[To do] Only lines with the word "commute" belong in the answer; copy them from the records below.

(Collected data entries)

◆ ◆ ◆ ◆ ◆ ◆ ◆

lemma abs_set_integral_le_measure:
  fixes f :: "'a \<Rightarrow> real"
  assumes f: "set_integrable M A f" and A: "A \<in> sets M" "emeasure M A < \<infinity>"
    and bound: "\<And>x. x \<in> A \<Longrightarrow> \<bar>f x\<bar> \<le> B"
  shows "\<bar>LINT x:A|M. f x\<bar> \<le> B * measure M A"
proof -
  have "\<bar>LINT x:A|M. f x\<bar> \<le> (LINT x:A|M. \<bar>f x\<bar>)"
    using set_integral_norm_bound[OF f] by simp
  also have "\<dots> \<le> (LINT x:A|M. B)"
  proof (rule set_integral_mono)
    show "set_integrable M A (\<lambda>x. \<bar>f x\<bar>)"
      using f by (rule set_integrable_abs)
    show "set_integrable M A (\<lambda>x. B)"
      using integrable_mult_left[OF integrable_real_indicator[OF A], of B]
      by (simp add: set_integrable_def mult.commute)
  qed (rule bound)
  also have "\<dots> = B * measure M A"
    using A by (simp add: set_integral_const)
  finally show ?thesis .
qed

definition cell_integral :: "real \<Rightarrow> (real \<Rightarrow> real) \<Rightarrow> nat \<Rightarrow> real" where
  "cell_integral \<epsilon> f i = (LINT x:Lam \<epsilon> i|lborel. f x)"

lemma set_integrable_Lam:
  fixes f :: "real \<Rightarrow> real"
  assumes "continuous_on {0..} f" "0 < \<epsilon>" "1 \<le> i"
  shows "set_integrable lborel (Lam \<epsilon> i) f"
proof -
  let ?I = "{(real i - 1/2) * \<epsilon> .. (real i + 1/2) * \<epsilon>}"
  have "0 \<le> (real i - 1/2) * \<epsilon>"
    using assms(2,3) by simp
  then have "set_integrable lborel ?I f"
    by (intro borel_integrable_atLeastAtMost' continuous_on_subset[OF assms(1)]) auto
  then show ?thesis
    by (rule set_integrable_subset) (auto simp: mem_Lam_iff)
qed

lemma abs_cell_integral_le:
  assumes "continuous_on {0..} f" "0 < \<epsilon>" "1 \<le> i" "\<And>x. 0 \<le> x \<Longrightarrow> \<bar>f x\<bar> \<le> B"
  shows "\<bar>cell_integral \<epsilon> f i\<bar> \<le> \<epsilon> * B"
proof -
  have "\<bar>cell_integral \<epsilon> f i\<bar> \<le> B * measure lborel (Lam \<epsilon> i)"
    unfolding cell_integral_def
  proof (rule abs_set_integral_le_measure[OF set_integrable_Lam[OF assms(1-3)]])
    show "\<bar>f x\<bar> \<le> B" if "x \<in> Lam \<epsilon> i" for x
      using assms(4) Lam_pos[OF assms(2,3) that] by simp
  qed (use assms(2) in \<open>auto simp: emeasure_Lam\<close>)
  then show ?thesis
    using assms(2) by (simp add: measure_Lam mult.commute)
qed

lemma abs_cell_integral_Suc_diff_le:
  assumes lip: "L-lipschitz_on {0..} f" and "0 < \<epsilon>" "1 \<le> i"
  shows "\<bar>cell_integral \<epsilon> f (Suc i) - cell_integral \<epsilon> f i\<bar> \<le> L * \<epsilon> * \<epsilon>"
proof -
  have cont: "continuous_on {0..} f"
    using lip by (rule lipschitz_on_continuous_on)
  have cont_shift: "continuous_on {0..} (\<lambda>x. f (\<epsilon> + x))"
    by (rule continuous_on_compose2[OF cont]) (use \<open>0 < \<epsilon>\<close> in \<open>auto intro!: continuous_intros\<close>)
  have "cell_integral \<epsilon> f (Suc i) = (\<integral>x. indicator (Lam \<epsilon> (Suc i)) (\<epsilon> + 1 * x) * f (\<epsilon> + 1 * x) \<partial>lborel)"
    using lborel_integral_real_affine[of 1 "\<lambda>x. indicator (Lam \<epsilon> (Suc i)) x * f x" \<epsilon>]
    by (simp add: cell_integral_def set_lebesgue_integral_def)
  also have "\<dots> = (LINT x:Lam \<epsilon> i|lborel. f (\<epsilon> + x))"
    by (simp add: indicator_Lam_Suc_shift set_lebesgue_integral_def)
  finally have "cell_integral \<epsilon> f (Suc i) - cell_integral \<epsilon> f i = (LINT x:Lam \<epsilon> i|lborel. f (\<epsilon> + x) - f x)"
    using set_integrable_Lam[OF cont_shift] set_integrable_Lam[OF cont] assms(2,3)
    by (simp add: cell_integral_def)
  also have "\<bar>\<dots>\<bar> \<le> (L * \<epsilon>) * measure lborel (Lam \<epsilon> i)"
  proof (rule abs_set_integral_le_measure)
    show "set_integrable lborel (Lam \<epsilon> i) (\<lambda>x. f (\<epsilon> + x) - f x)"
      using set_integrable_Lam[OF cont_shift] set_integrable_Lam[OF cont] assms(2,3) by simp
    show "\<bar>f (\<epsilon> + x) - f x\<bar> \<le> L * \<epsilon>" if "x \<in> Lam \<epsilon> i" for x
      using lipschitz_onD[OF lip, of "x + \<epsilon>" x] Lam_pos[OF assms(2,3) that] \<open>0 < \<epsilon>\<close>
      by (simp add: dist_real_def add.commute)
  qed (use \<open>0 < \<epsilon>\<close> in \<open>auto simp: emeasure_Lam\<close>)
  finally show ?thesis
    using \<open>0 < \<epsilon>\<close> by (simp add: measure_Lam)
qed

◆ ◆ ◆ ◆ ◆ ◆ ◆

[Finished exercise]
      by (simp add: set_integrable_def mult.commute)
    using assms(2) by (simp add: measure_Lam mult.commute)
      by (simp add: dist_real_def add.commute)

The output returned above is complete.